What to do: Give back exactly the lines of the data below, starting with the line that has "U *v x - A *v" and going on through the line that has "using x(1) l".

[[ Recorded information, beginning ]]

text \<open>Brouwer's theorem gives a fixed point of
  \<open>x \<mapsto> (A x + x) / (1 + \<Sum>\<^sub>i (A x)\<^sub>i)\<close> on the subinvariant simplex; the shift by \<open>x\<close>
  keeps the normalising sum positive.\<close>
lemma nonneg_eigenvector_ge:
  fixes A :: "real^'n^'n"
  assumes A: "0 \<le> A" and y: "0 \<le> y" "y \<noteq> 0" "\<mu> *\<^sub>R y \<le> A *v y"
  shows "\<exists>x l. 0 \<le> x \<and> x \<noteq> 0 \<and> \<mu> \<le> l \<and> A *v x = l *\<^sub>R x"
proof -
  define K where "K = subinvariant_simplex A \<mu>"
  define f where "f x = (1 / (1 + entry_sum (A *v x))) *\<^sub>R (A *v x + x)" for x
  have denom_pos: "0 < 1 + entry_sum (A *v x)" if "x \<in> K" for x
    using that A by (simp add: K_def subinvariant_simplex_def add_pos_nonneg entry_sum_nonneg
        nonneg_matrix_vector_mult)
  have "(1 / entry_sum y) *\<^sub>R y \<in> K"
  proof -
    have "(1 / entry_sum y) *\<^sub>R (\<mu> *\<^sub>R y) \<le> (1 / entry_sum y) *\<^sub>R (A *v y)"
      using y(3) entry_sum_pos[OF y(1,2)] by (intro scaleR_left_mono) auto
    then show ?thesis
      using y(1) entry_sum_pos[OF y(1,2)]
      by (simp add: K_def subinvariant_simplex_def linear_scale[OF linear_entry_sum]
          matrix_vector_mult_scaleR scaleR_nonneg_nonneg)
  qed
  moreover have "continuous_on K f"
  proof -
    have "linear (\<lambda>x. entry_sum (A *v x))"
      using linear_compose[OF matrix_vector_mul_linear linear_entry_sum] by (simp add: o_def)
    then show ?thesis
      unfolding f_def linear_conv_bounded_linear
      by (intro continuous_intros linear_continuous_on) (auto dest: denom_pos)
  qed
  moreover have "f \<in> K \<rightarrow> K"
    using subinvariant_simplex_step[OF A] by (simp add: K_def f_def)
  ultimately obtain x where x: "x \<in> K" "f x = x"
    using brouwer[of K f] compact_subinvariant_simplex convex_subinvariant_simplex
    unfolding K_def by blast
  then have "0 \<le> x" "entry_sum x = 1" and sub: "\<mu> *\<^sub>R x \<le> A *v x"
    by (auto simp: K_def subinvariant_simplex_def)
  have "(1 + entry_sum (A *v x)) *\<^sub>R f x = A *v x + x"
    using denom_pos[OF x(1)] by (simp add: f_def)
  then have "A *v x = entry_sum (A *v x) *\<^sub>R x"
    using x(2) by (simp add: algebra_simps)
  moreover have "\<mu> \<le> entry_sum (A *v x)"
    using entry_sum_mono[OF sub] \<open>entry_sum x = 1\<close> by (simp add: linear_scale[OF linear_entry_sum])
  moreover have "x \<noteq> 0" using \<open>entry_sum x = 1\<close> by (auto simp: entry_sum_def)
  ultimately show ?thesis using \<open>0 \<le> x\<close> by blast
qed

lemma complex_eigenvalue_exists:
  fixes A :: "real^'n^'n"
  assumes "0 \<le> A"
  shows "\<exists>c. complex_eigenvalue A c"
proof -
  have "0 \<le> axis i (1::real)" "axis i (1::real) \<noteq> 0" for i :: 'n
    by (auto simp: less_eq_vec_def axis_def vec_eq_iff)
  moreover have "0 *\<^sub>R axis i 1 \<le> A *v axis i 1" for i :: 'n
    using nonneg_matrix_vector_mult[OF assms] calculation by simp
  ultimately show ?thesis
    using nonneg_eigenvector_ge[OF assms] complex_eigenvalue_of_real by metis
qed

lemma finite_eigenvalue_norms: "finite {cmod c | c. complex_eigenvalue A c}"
  using finite_imageI[OF finite_complex_eigenvalues, of cmod A] by (simp add: setcompr_eq_image)

lemma norm_le_spectral_radius: "complex_eigenvalue A c \<Longrightarrow> cmod c \<le> spectral_radius A"
  unfolding spectral_radius_def by (rule Max_ge[OF finite_eigenvalue_norms]) blast

lemma spectral_radius_attained:
  fixes A :: "real^'n^'n"
  assumes "0 \<le> A"
  shows "\<exists>c. complex_eigenvalue A c \<and> cmod c = spectral_radius A"
proof -
  have "{cmod c | c. complex_eigenvalue A c} \<noteq> {}"
    using complex_eigenvalue_exists[OF assms] by blast
  then have "spectral_radius A \<in> {cmod c | c. complex_eigenvalue A c}"
    unfolding spectral_radius_def by (rule Max_in[OF finite_eigenvalue_norms])
  then show ?thesis by auto
qed

lemma spectral_radius_nonneg: "0 \<le> (A::real^'n^'n) \<Longrightarrow> 0 \<le> spectral_radius A"
  by (metis norm_ge_zero spectral_radius_attained)

lemma spectral_radius_transpose: "spectral_radius (transpose A) = spectral_radius A"
  by (simp add: spectral_radius_def complex_eigenvalue_transpose)

lemma nonneg_transpose: "0 \<le> A \<Longrightarrow> 0 \<le> transpose A"
  by (simp add: less_eq_vec_def transpose_def)

lemma spectral_radius_ge:
  fixes A :: "real^'n^'n"
  assumes "0 \<le> A" "0 \<le> y" "y \<noteq> 0" "\<mu> *\<^sub>R y \<le> A *v y"
  shows "\<mu> \<le> spectral_radius A"
proof -
  obtain x l where "x \<noteq> 0" "\<mu> \<le> l" "A *v x = l *\<^sub>R x"
    using nonneg_eigenvector_ge[OF assms] by blast
  then have "cmod (complex_of_real l) \<le> spectral_radius A"
    by (intro norm_le_spectral_radius complex_eigenvalue_of_real)
  then show ?thesis using \<open>\<mu> \<le> l\<close> by simp
qed

lemma spectral_radius_ge_left:
  fixes A :: "real^'n^'n"
  assumes "0 \<le> A" "0 \<le> y" "y \<noteq> 0" "\<mu> *\<^sub>R y \<le> y v* A"
  shows "\<mu> \<le> spectral_radius A"
  using spectral_radius_ge[OF nonneg_transpose[OF assms(1)] assms(2,3)] assms(4)
  by (simp add: spectral_radius_transpose)

lemma perron_eigenvector:
  fixes A :: "real^'n^'n"
  assumes "0 \<le> A"
  shows "\<exists>x. 0 \<le> x \<and> x \<noteq> 0 \<and> A *v x = spectral_radius A *\<^sub>R x"
proof -
  obtain c where c: "complex_eigenvalue A c" "cmod c = spectral_radius A"
    using spectral_radius_attained[OF assms] by blast
  obtain y where "0 \<le> y" "y \<noteq> 0" "cmod c *\<^sub>R y \<le> A *v y"
    using complex_eigenvalue_subinvariant[OF assms c(1)] by blast
  then obtain x l where x: "0 \<le> x" "x \<noteq> 0" "cmod c \<le> l" "A *v x = l *\<^sub>R x"
    using nonneg_eigenvector_ge[OF assms] by blast
  have "cmod (complex_of_real l) \<le> spectral_radius A"
    using x(2,4) by (intro norm_le_spectral_radius complex_eigenvalue_of_real)
  then have "l = spectral_radius A" using x(3) c(2) by simp
  then show ?thesis using x by blast
qed

lemma perron_left_eigenvector:
  fixes A :: "real^'n^'n"
  assumes "0 \<le> A"
  shows "\<exists>z. 0 \<le> z \<and> z \<noteq> 0 \<and> z v* A = spectral_radius A *\<^sub>R z"
  using perron_eigenvector[OF nonneg_transpose[OF assms]] by (simp add: spectral_radius_transpose)

lemma spectral_radius_mult_le_commute:
  fixes X :: "real^'m^'n" and Y :: "real^'n^'m"
  assumes "0 \<le> X" "0 \<le> Y"
  shows "spectral_radius (X ** Y) \<le> spectral_radius (Y ** X)"
proof (cases "spectral_radius (X ** Y) = 0")
  case True
  then show ?thesis using spectral_radius_nonneg[OF nonneg_matrix_mult[OF assms(2,1)]] by simp
next
  case False
  define l where "l = spectral_radius (X ** Y)"
  obtain z where z: "0 \<le> z" "z \<noteq> 0" "z v* (X ** Y) = l *\<^sub>R z"
    using perron_left_eigenvector[OF nonneg_matrix_mult[OF assms]] by (auto simp: l_def)
  have "(z v* X) v* Y \<noteq> 0"
    using z(2,3) False by (simp add: l_def vector_matrix_mul_assoc)
  then have "z v* X \<noteq> 0" by auto
  moreover have "(z v* X) v* (Y ** X) = (z v* (X ** Y)) v* X"
    by (simp add: vector_matrix_mul_assoc matrix_mul_assoc)
  then have "(z v* X) v* (Y ** X) = l *\<^sub>R (z v* X)"
    using z(3) by (simp add: scaleR_vector_matrix_assoc)
  ultimately have "l \<le> spectral_radius (Y ** X)"
    using nonneg_vector_matrix_mult[OF assms(1) z(1)]
    by (intro spectral_radius_ge_left nonneg_matrix_mult assms) auto
  then show ?thesis by (simp add: l_def)
qed

section \<open>Proper splittings\<close>

lemma proper_splitting_projections:
  assumes "proper_splitting A U V"
  shows "U ** mp_inverse U = A ** mp_inverse A" "mp_inverse U ** U = mp_inverse A ** A"
  using assms same_range_null_projections[OF penrose_inverse_mp_inverse penrose_inverse_mp_inverse]
  unfolding proper_splitting_def by blast+

lemma proper_splitting_identities:
  assumes "proper_splitting A U V"
  defines "X \<equiv> mp_inverse A" and "Y \<equiv> mp_inverse U"
  shows "V ** (X ** A) = V" "(X ** A) ** Y = Y" "Y ** (A ** X) = Y"
    "Y ** A = X ** A - Y ** V" "X ** V ** Y = X - Y"
proof -
  have AV: "A = U - V" and UY: "U ** Y = A ** X" and YU: "Y ** U = X ** A"
    using assms proper_splitting_projections[OF assms(1)] by (auto simp: proper_splitting_def)
  have AXA: "A ** X ** A = A" and XAX: "X ** A ** X = X"
    using penrose_inverse_mp_inverse[of A] by (simp_all add: X_def penrose_inverse_def)
  have UYU: "U ** Y ** U = U" and YUY: "Y ** U ** Y = Y"
    using penrose_inverse_mp_inverse[of U] by (simp_all add: Y_def penrose_inverse_def)
  have "U ** (X ** A) = U" using UYU by (simp add: YU[symmetric] matrix_mul_assoc)
  then show "V ** (X ** A) = V"
    using AXA AV by (simp add: matrix_diff_rdistrib matrix_mul_assoc)
  show XAY: "(X ** A) ** Y = Y" using YUY by (simp add: YU[symmetric])
  show "Y ** (A ** X) = Y" using YUY by (simp add: UY[symmetric] matrix_mul_assoc)
  show "Y ** A = X ** A - Y ** V"
    using AV by (simp add: matrix_diff_ldistrib YU)
  have "X ** V ** Y = X ** (U ** Y) - (X ** A) ** Y"
    using AV by (simp add: matrix_diff_ldistrib matrix_diff_rdistrib matrix_mul_assoc)
  then show "X ** V ** Y = X - Y"
    using XAX XAY by (simp add: UY matrix_mul_assoc)
qed

lemma proper_regular_splittingD:
  assumes "proper_regular_splitting A U V"
  shows "proper_splitting A U V" "A = U - V" "0 \<le> mp_inverse U" "0 \<le> V"
  using assms by (auto simp: proper_regular_splitting_def proper_splitting_def nonneg_mat_imp_nonneg)

lemma proper_splitting_eigenvector:
  assumes "proper_splitting A U V" "l \<noteq> 0" "(mp_inverse U ** V) *v x = l *\<^sub>R x"
  shows "(1 - l) *\<^sub>R ((mp_inverse A ** V) *v x) = l *\<^sub>R x"
proof -
  define X Y where "X = mp_inverse A" and "Y = mp_inverse U"
  note ids = proper_splitting_identities[OF assms(1), folded X_def Y_def]
  have x: "(Y ** V) *v x = l *\<^sub>R x" using assms(3) by (simp add: Y_def)
  have Px: "(X ** A) *v x = x"
  proof -
    have "(X ** A) *v ((Y ** V) *v x) = (Y ** V) *v x"
      using ids(2) by (simp add: matrix_vector_mul_assoc matrix_mul_assoc)
    then show ?thesis using x assms(2) by (simp add: matrix_vector_mult_scaleR)
  qed
  have "Y *v (A *v x) = (X ** A) *v x - (Y ** V) *v x"
    by (simp add: matrix_vector_mul_assoc ids(4) matrix_vector_mult_diff_rdistrib)
  then have "Y *v (A *v x) = (1 - l) *\<^sub>R x"
    using Px x by (simp add: algebra_simps)
  then have Ax: "A *v x = (1 - l) *\<^sub>R (U *v x)"
    using proper_splitting_projections(1)[OF assms(1)] penrose_inverse_mp_inverse[of A]
    by (metis X_def Y_def matrix_vector_mul_assoc matrix_vector_mult_scaleR penrose_inverse_def)
  have "V *v x = U *v x - A *v x"
    using assms(1) by (simp add: proper_splitting_def matrix_vector_mult_diff_rdistrib)
  then have "V *v x = l *\<^sub>R (U *v x)"
    using Ax by (simp add: algebra_simps)
  then have "(1 - l) *\<^sub>R (V *v x) = l *\<^sub>R (A *v x)"
    using Ax by (simp add: mult.commute)
  then show ?thesis
    using Px by (metis X_def matrix_vector_mul_assoc matrix_vector_mult_scaleR)
qed

lemma proper_regular_splitting_convergent:
  assumes "0 \<le> mp_inverse A" "proper_regular_splitting A U V"
  shows "spectral_radius (mp_inverse U ** V) < 1"
proof (rule ccontr)
  define l where "l = spectral_radius (mp_inverse U ** V)"
  note split = proper_regular_splittingD[OF assms(2)]
  assume "\<not> spectral_radius (mp_inverse U ** V) < 1"
  then have l: "1 \<le> l" by (simp add: l_def)
  obtain x where x: "0 \<le> x" "x \<noteq> 0" "(mp_inverse U ** V) *v x = l *\<^sub>R x"
    using perron_eigenvector[OF nonneg_matrix_mult[OF split(3,4)]] by (auto simp: l_def)
  have eq: "(1 - l) *\<^sub>R ((mp_inverse A ** V) *v x) = l *\<^sub>R x"
    using proper_splitting_eigenvector[OF split(1) _ x(3)] l by simp
  obtain i where "x $ i \<noteq> 0"
    using x(2) by (auto simp: vec_eq_iff)
  then have "0 < l * x $ i"
    using x(1) l by (simp add: less_eq_vec_def order_le_neq_trans)
  moreover have "0 \<le> ((mp_inverse A ** V) *v x) $ i"
    using nonneg_matrix_vector_mult[OF nonneg_matrix_mult[OF assms(1) split(4)] x(1)]
    by (simp add: less_eq_vec_def)
  with l have "(1 - l) * ((mp_inverse A ** V) *v x) $ i \<le> 0"
    by (simp add: mult_nonpos_nonneg)
  moreover have "(1 - l) * ((mp_inverse A ** V) *v x) $ i = l * x $ i"
    using arg_cong[where f="\<lambda>v. v $ i", OF eq] by simp
  ultimately show False by linarith
qed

[[ Recorded information, end ]]

Result of this task:
  have "V *v x = U *v x - A *v x"
    using assms(1) by (simp add: proper_splitting_def matrix_vector_mult_diff_rdistrib)
  then have "V *v x = l *\<^sub>R (U *v x)"
    using Ax by (simp add: algebra_simps)
  then have "(1 - l) *\<^sub>R (V *v x) = l *\<^sub>R (A *v x)"
    using Ax by (simp add: mult.commute)
  then show ?thesis
    using Px by (metis X_def matrix_vector_mul_assoc matrix_vector_mult_scaleR)
qed

lemma proper_regular_splitting_convergent:
  assumes "0 \<le> mp_inverse A" "proper_regular_splitting A U V"
  shows "spectral_radius (mp_inverse U ** V) < 1"
proof (rule ccontr)
  define l where "l = spectral_radius (mp_inverse U ** V)"
  note split = proper_regular_splittingD[OF assms(2)]
  assume "\<not> spectral_radius (mp_inverse U ** V) < 1"
  then have l: "1 \<le> l" by (simp add: l_def)
  obtain x where x: "0 \<le> x" "x \<noteq> 0" "(mp_inverse U ** V) *v x = l *\<^sub>R x"
    using perron_eigenvector[OF nonneg_matrix_mult[OF split(3,4)]] by (auto simp: l_def)
  have eq: "(1 - l) *\<^sub>R ((mp_inverse A ** V) *v x) = l *\<^sub>R x"
    using proper_splitting_eigenvector[OF split(1) _ x(3)] l by simp
  obtain i where "x $ i \<noteq> 0"
    using x(2) by (auto simp: vec_eq_iff)
  then have "0 < l * x $ i"
    using x(1) l by (simp add: less_eq_vec_def order_le_neq_trans)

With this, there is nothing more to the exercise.